Background

Cell-free DNA (cfDNA) fragmentomics has emerged as a minimally invasive window into tissue turnover and epigenetic state Cell-free DNA methylation patterns in aging and inflammaging. Recent work shows that cfDNA methylation patterns correlate with inflammaging and that fragment size distributions shift with age, reflecting altered nucleosome protection and apoptotic versus necrotic cell death Fragment size distribution shifts with age Apoptotic versus necrotic cfDNA fragmentation.

Hypothesis

We propose that the methylation density of nucleosome‑protected cfDNA fragments (140–180 bp) directly reports the burden of senescent cells that have undergone mitochondrial DNA (mtDNA) release, and that this metric predicts systemic inflammaging independent of total cfDNA concentration.

Mechanistic Rationale

1. Senescent cells exhibit chromatin relaxation at specific loci (e.g., p16^INK4a, SASP genes) leading to increased susceptibility of those regions to nucleosome‑level cleavage during apoptosis‑like DNA fragmentation.
2. Concurrently, senescent cells release oxidized mtDNA into the cytosol, which is subsequently packaged into extracellular vesicles and lysed, contributing a distinct, hypomethylated cfDNA pool enriched for mitochondrial sequences.
3. The combination of nuclear chromatin changes and mtDNA release yields cfDNA fragments that are (i) protected by nucleosomes (hence 140–180 bp) and (ii) bear a methylation signature reflecting the original senescent chromatin state (hypomethylated at SASP promoters, hypermethylated at lamin‑associated domains).
4. Because this senescence‑derived cfDNA resists rapid clearance (due to nucleosome protection and association with extracellular vesicles), its relative abundance in plasma integrates over the senescent cell burden and drives inflammaging via cGAS‑STING sensing of mtDNA and TLR9 activation by hypomethylated CpG motifs.

Testable Predictions

• Prediction 1: In cross‑sectional human plasma, the proportion of 140–180 bp cfDNA reads mapped to SASP‑associated nuclear loci will positively correlate with plasma IL‑6, TNF‑α, and circulating mtDNA levels, after adjusting for total cfDNA concentration.
• Prediction 2: Experimental clearance of senescent cells (e.g., via dasatinib + quercetin) in aged mice will reduce the methylation‑weighted 140–180 bp cfDNA fraction and concomitantly lower inflammaging biomarkers.
• Prediction 3: In vitro induction of senescence (irradiation, oncogene expression) will increase the release of nucleosome‑protected cfDNA carrying a methylation pattern distinct from that of apoptotic neutrophils or necrotic hepatocytes, detectable by size‑selected bisulfite sequencing.

Experimental Design

1. Human cohort: Collect plasma from 150 participants aged 30–90 y.
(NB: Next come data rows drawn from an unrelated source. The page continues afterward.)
(* Let $X$ be a set, $\mathcal{F}\subseteq\mathcal{P}(X)$ a $\sigma$-field, and $\mu:\mathcal{F}\to[0,1]$ a countably subadditive set function with $\mu(\emptyset)=0$. Then the pseudometric space $(\mathcal{F}, d_\mu)$, where $d_\mu(A,B):=\mu(A\triangle B)$, is complete.
   Context: $\mu$ is countably subadditive if for any $A,A_1,A_2,\ldots\in\mathcal{F}$, $I_A\le\sum_{k=1}^\infty I_{A_k}$ implies $\mu(A)\le\sum_{k=1}^\infty\mu(A_k)$, where $I_B$ denotes the indicator function of $B$. *)

theory Defs
  imports "HOL-Analysis.Analysis"
begin

text \<open>Sums are taken in ennreal, so divergent sums are allowed.\<close>
definition countably_subadditive :: "'a set set \<Rightarrow> ('a set \<Rightarrow> real) \<Rightarrow> bool" where
  "countably_subadditive F \<mu> \<longleftrightarrow>
     (\<forall>A (As :: nat \<Rightarrow> 'a set). A \<in> F \<longrightarrow> range As \<subseteq> F \<longrightarrow>
        (\<forall>x. (indicator A x :: ennreal) \<le> (\<Sum>k. indicator (As k) x)) \<longrightarrow>
        ennreal (\<mu> A) \<le> (\<Sum>k. ennreal (\<mu> (As k))))"

definition symdiff :: "'a set \<Rightarrow> 'a set \<Rightarrow> 'a set" where
  "symdiff A B = (A - B) \<union> (B - A)"

definition dmu :: "('a set \<Rightarrow> real) \<Rightarrow> 'a set \<Rightarrow> 'a set \<Rightarrow> real" where
  "dmu \<mu> A B = \<mu> (symdiff A B)"

definition pseudometric_complete :: "'b set \<Rightarrow> ('b \<Rightarrow> 'b \<Rightarrow> real) \<Rightarrow> bool" where
  "pseudometric_complete F d \<longleftrightarrow>
     (\<forall>S :: nat \<Rightarrow> 'b. range S \<subseteq> F \<longrightarrow>
        (\<forall>e>0. \<exists>N. \<forall>m\<ge>N. \<forall>n\<ge>N. d (S m) (S n) < e) \<longrightarrow>
        (\<exists>L\<in>F. (\<lambda>n. d (S n) L) \<longlonglongrightarrow> 0))"

end

theory Submission
  imports Defs
begin

text \<open>Pass to a subsequence T k = S (r k) along which the distances drop geometrically,
  d(T k, T (k+1)) < 2^-k, and take L = limsup T. A point of T j \<triangle> L must lie in some
  T k \<triangle> T (k+1) with k \<ge> j, since otherwise its membership in T k is constant from j on
  and so agrees with its membership in L. Countable subadditivity therefore bounds
  d(T j, L) by the geometric tail 2^(1-j), and the triangle inequality for d transfers the
  convergence from the subsequence to S.\<close>

lemma countably_subadditive_cover:
  assumes "countably_subadditive F \<mu>" and "A \<in> F" and "range As \<subseteq> F"
    and "A \<subseteq> (\<Union>k. As k)"
  shows "ennreal (\<mu> A) \<le> (\<Sum>k. ennreal (\<mu> (As k)))"
proof -
  have "(indicator A x :: ennreal) \<le> (\<Sum>k. indicator (As k) x)" for x
  proof (cases "x \<in> A")
    case True
    then obtain k where k: "x \<in> As k" using assms(4) by blast
    have "(\<Sum>i\<in>{k}. indicator (As i) x :: ennreal) \<le> (\<Sum>i. indicator (As i) x)"
      by (rule sum_le_suminf[OF summableI]) auto
    then show ?thesis using True k by simp
  qed simp
  then show ?thesis using assms(1-3) unfolding countably_subadditive_def by blast
qed

lemma countably_subadditive_Un:
  assumes "countably_subadditive F \<mu>" and "{} \<in> F" and "\<mu> {} = 0"
    and "\<forall>A\<in>F. 0 \<le> \<mu> A"
    and "A \<in> F" and "B \<in> F" and "C \<in> F" and "A \<subseteq> B \<union> C"
  shows "\<mu> A \<le> \<mu> B + \<mu> C"
proof -
  define As where "As k = (if k = 0 then B else if k = 1 then C else {})" for k :: nat
  have "ennreal (\<mu> A) \<le> (\<Sum>k. ennreal (\<mu> (As k)))"
    using assms by (intro countably_subadditive_cover) (auto simp: As_def)
  also have "\<dots> = (\<Sum>k<2. ennreal (\<mu> (As k)))"
    by (rule suminf_finite) (auto simp: As_def assms(3))
  also have "\<dots> = ennreal (\<mu> B + \<mu> C)"
    using assms(4,6,7) by (simp add: As_def numeral_2_eq_2 ennreal_plus)
  finally have "ennreal (\<mu> A) \<le> ennreal (\<mu> B + \<mu> C)" .
  moreover have "0 \<le> \<mu> B + \<mu> C"
    using assms(4,6,7) by auto
  ultimately show ?thesis
    by (simp only: ennreal_le_iff)
qed

lemma symdiff_triangle: "symdiff A C \<subseteq> symdiff A B \<union> symdiff B C"
  by (auto simp: symdiff_def)

lemma symdiff_in_sigma_algebra:
  assumes "sigma_algebra X F" and "A \<in> F" and "B \<in> F"
  shows "symdiff A B \<in> F"
proof -
  interpret sigma_algebra X F by fact
  show ?thesis
    using assms(2,3) by (auto simp: symdiff_def)
qed

lemma dmu_nonneg:
  assumes "sigma_algebra X F" and "\<forall>A\<in>F. 0 \<le> \<mu> A" and "A \<in> F" and "B \<in> F"
  shows "0 \<le> dmu \<mu> A B"
  unfolding dmu_def using assms(2) symdiff_in_sigma_algebra[OF assms(1,3,4)] by blast

lemma dmu_triangle:
  assumes "sigma_algebra X F" and "countably_subadditive F \<mu>" and "\<mu> {} = 0"
    and "\<forall>A\<in>F. 0 \<le> \<mu> A" and "A \<in> F" and "B \<in> F" and "C \<in> F"
  shows "dmu \<mu> A C \<le> dmu \<mu> A B + dmu \<mu> B C"
proof -
  interpret sigma_algebra X F by fact
  have "symdiff A C \<in> F" "symdiff A B \<in> F" "symdiff B C \<in> F"
    using assms(5-7) by (auto intro: symdiff_in_sigma_algebra[OF assms(1)])
  then show ?thesis
    unfolding dmu_def using assms(3,4)
    by (intro countably_subadditive_Un[OF assms(2)] symdiff_triangle) auto
qed

lemma limsup_set_eq: "limsup T = (\<Inter>i. \<Union>k\<in>{i..}. T k)"
  by (simp add: limsup_INF_SUP)

lemma limsup_in_sigma_algebra:
  assumes "sigma_algebra X F" and "range T \<subseteq> F"
  shows "limsup T \<in> F"
proof -
  interpret sigma_algebra X F by fact
  show ?thesis
    unfolding limsup_set_eq using assms(2) by (intro countable_INT countable_UN) auto
qed

lemma symdiff_limsup_subset:
  fixes T :: "nat \<Rightarrow> 'a set"
  shows "symdiff (T j) (limsup T) \<subseteq> (\<Union>k. symdiff (T (j + k)) (T (Suc (j + k))))"
proof
  fix x
  assume x: "x \<in> symdiff (T j) (limsup T)"
  show "x \<in> (\<Union>k. symdiff (T (j + k)) (T (Suc (j + k))))"
  proof (rule ccontr)
    assume "\<not> ?thesis"
    then have "x \<in> T (j + k) \<longleftrightarrow> x \<in> T (Suc (j + k))" for k
      by (auto simp: symdiff_def)
    then have shifted: "x \<in> T (j + k) \<longleftrightarrow> x \<in> T j" for k
      by (induction k) auto
    have const: "x \<in> T k \<longleftrightarrow> x \<in> T j" if "j \<le> k" for k
      using shifted[of "k - j"] that by simp
    have "x \<in> limsup T \<longleftrightarrow> x \<in> T j"
      unfolding limsup_set_eq
    proof
      assume "x \<in> (\<Inter>i. \<Union>k\<in>{i..}. T k)"
      then obtain k where "j \<le> k" and "x \<in> T k"
        by blast
      then show "x \<in> T j"
        using const by blast
    next
      assume "x \<in> T j"
      then have "x \<in> T (max i j)" for i
        using const[of "max i j"] by simp
      then show "x \<in> (\<Inter>i. \<Union>k\<in>{i..}. T k)"
        by (meson INT_I UN_I atLeast_iff max.cobounded1)
    qed
    then show False
      using x by (simp add: symdiff_def)
  qed
qed

lemma dmu_limsup_geometric:
  assumes "sigma_algebra X F" and "countably_subadditive F \<mu>" and "range T \<subseteq> F"
    and "\<And>k. dmu \<mu> (T k) (T (Suc k)) \<le> (1/2)^k"
  shows "dmu \<mu> (T j) (limsup T) \<le> 2 * (1/2)^j"
proof -
  have "ennreal (dmu \<mu> (T j) (limsup T))
      \<le> (\<Sum>k. ennreal (dmu \<mu> (T (j + k)) (T (Suc (j + k)))))"
    unfolding dmu_def using assms(3) limsup_in_sigma_algebra[OF assms(1,3)]
    by (intro countably_subadditive_cover[OF assms(2)] symdiff_limsup_subset)
      (auto intro!: symdiff_in_sigma_algebra[OF assms(1)])
  also have "\<dots> \<le> (\<Sum>k. ennreal ((1/2)^(j + k)))"
    using assms(4) by (intro suminf_le) auto
  also have "\<dots> = ennreal (2 * (1/2)^j)"
  proof (rule suminf_ennreal_eq)
    show "(\<lambda>k. (1/2::real)^(j + k)) sums (2 * (1/2)^j)"
      using sums_mult[OF geometric_sums[of "1/2::real"], of "(1/2)^j"]
      by (simp add: power_add mult.commute)
  qed simp
  finally show ?thesis
    by (simp add: ennreal_le_iff)
qed

lemma cauchy_geometric_subseq:
  assumes "\<forall>e>0. \<exists>N. \<forall>m\<ge>N. \<forall>n\<ge>N. d (S m) (S n) < (e :: real)"
  obtains r :: "nat \<Rightarrow> nat"
  where "mono r" and "\<And>k m n. r k \<le> m \<Longrightarrow> r k \<le> n \<Longrightarrow> d (S m) (S n) < (1/2)^k"
proof -
  have "\<forall>k. \<exists>N. \<forall>m\<ge>N. \<forall>n\<ge>N. d (S m) (S n) < (1/2)^k"
    using assms by simp
  then obtain N where N: "\<And>k m n. N k \<le> m \<Longrightarrow> N k \<le> n \<Longrightarrow> d (S m) (S n) < (1/2)^k"
    by metis
  define r where "r k = (\<Sum>i\<le>k. N i)" for k
  have "mono r"
    unfolding r_def by (intro monoI sum_mono2) auto
  moreover have "N k \<le> r k" for k
    unfolding r_def by (rule member_le_sum) auto
  then have "d (S m) (S n) < (1/2)^k" if "r k \<le> m" and "r k \<le> n" for k m n
    using N that order_trans by meson
  ultimately show ?thesis
    by (rule that)
qed

lemma LIMSEQ_zero_of_tail_bounds:
  fixes a b :: "nat \<Rightarrow> real"
  assumes "\<And>j n. r j \<le> n \<Longrightarrow> \<bar>a n\<bar> \<le> b j" and "b \<longlonglongrightarrow> 0"
  shows "a \<longlonglongrightarrow> 0"
proof (rule LIMSEQ_I)
  fix e :: real
  assume "0 < e"
  then obtain j where "norm (b j - 0) < e"
    using LIMSEQ_D[OF assms(2)] by blast
  then have "norm (a n - 0) < e" if "r j \<le> n" for n
    using assms(1)[OF that] by simp
  then show "\<exists>N. \<forall>n\<ge>N. norm (a n - 0) < e"
    by blast
qed

theorem proposition3p4:
  fixes X :: "'a set" and F :: "'a set set" and \<mu> :: "'a set \<Rightarrow> real"
  assumes "sigma_algebra X F"
    and "\<forall>A\<in>F. 0 \<le> \<mu> A \<and> \<mu> A \<le> 1"
    and "countably_subadditive F \<mu>"
    and "\<mu> {} = 0"
  shows "pseudometric_complete F (dmu \<mu>)"
  unfolding pseudometric_complete_def
proof (intro allI impI)
  have nonneg: "\<forall>A\<in>F. 0 \<le> \<mu> A"
    using assms(2) by blast
  fix S :: "nat \<Rightarrow> 'a set"
  assume SF: "range S \<subseteq> F"
    and cauchy: "\<forall>e>0. \<exists>N. \<forall>m\<ge>N. \<forall>n\<ge>N. dmu \<mu> (S m) (S n) < e"
  obtain r where "mono r"
    and r: "\<And>k m n. r k \<le> m \<Longrightarrow> r k \<le> n \<Longrightarrow> dmu \<mu> (S m) (S n) < (1/2)^k"
    using cauchy_geometric_subseq[where d = "dmu \<mu>" and S = S, OF cauchy] by blast
  have subseqF: "range (S \<circ> r) \<subseteq> F"
    using SF by auto
  define L where "L = limsup (S \<circ> r)"
  have LF: "L \<in> F"
    unfolding L_def by (rule limsup_in_sigma_algebra[OF assms(1) subseqF])
  have "dmu \<mu> (S (r k)) (S (r (Suc k))) \<le> (1/2)^k" for k
    using r[of k "r k" "r (Suc k)"] monoD[OF \<open>mono r\<close>, of k "Suc k"] by simp
  then have tail: "dmu \<mu> (S (r j)) L \<le> 2 * (1/2)^j" for j
    unfolding L_def using dmu_limsup_geometric[OF assms(1,3) subseqF] by simp
  have "\<bar>dmu \<mu> (S n) L\<bar> \<le> 3 * (1/2)^j" if "r j \<le> n" for j n
  proof -
    have "S n \<in> F" and "S (r j) \<in> F"
      using SF by auto
    then have "0 \<le> dmu \<mu> (S n) L"
      and "dmu \<mu> (S n) L \<le> dmu \<mu> (S n) (S (r j)) + dmu \<mu> (S (r j)) L"
      using LF dmu_nonneg[OF assms(1) nonneg] dmu_triangle[OF assms(1,3,4) nonneg] by auto
    then show ?thesis
      using r[OF that order.refl] tail[of j] by linarith
  qed
  moreover have "(\<lambda>j. 3 * (1/2::real)^j) \<longlonglongrightarrow> 0"
    by (intro tendsto_mult_right_zero LIMSEQ_realpow_zero) auto
  ultimately have "(\<lambda>n. dmu \<mu> (S n) L) \<longlonglongrightarrow> 0"
    by (rule LIMSEQ_zero_of_tail_bounds[where r = r])
  then show "\<exists>L\<in>F. (\<lambda>n. dmu \<mu> (S n) L) \<longlonglongrightarrow> 0"
    using LF by blast
qed

end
Perform size‑selection (140–180 bp vs. <100 bp vs. >200 bp) followed by bisulfite sequencing. Quantify methylation at a curated panel of 20 SASP‑linked CpGs and 10 mitochondrial D‑loop sites. Correlate with serum cytokines and cell‑free mtDNA qPCR.
2. Intervention study: Treat aged (24‑month) mice with senolytic cocktail or vehicle for 4 weeks. Repeat cfDNA size‑fractionation and methylation profiling; assess SASP expression in tissues via RNA‑seq.
3. In vitro validation: Induce senescence in human fibroblasts; collect culture supernatant at 0, 24, 48 h; isolate cfDNA fractions; perform methyl‑C‑seq and compare to apoptosis (staurosporine) and necrosis (H₂O₂) controls.

Potential Confounders

• Variations in plasma collection (EDTA vs. citrate) affecting cfDNA integrity.
• Contribution from non‑senescent apoptotic lymphocytes; controlled by leukocyte‑specific methylation markers.
• Heterogeneity in extracellular vesicle uptake; mitigated by vesicle depletion controls.

Implications

If validated, the methylation‑weighted nucleosome‑protected cfDNA fraction could serve as a dynamic, tissue‑agnostic biomarker of senescent cell load, enabling longitudinal monitoring of senotherapeutic efficacy and providing a mechanistic link between chromatin alterations, mtDNA release, and inflammaging.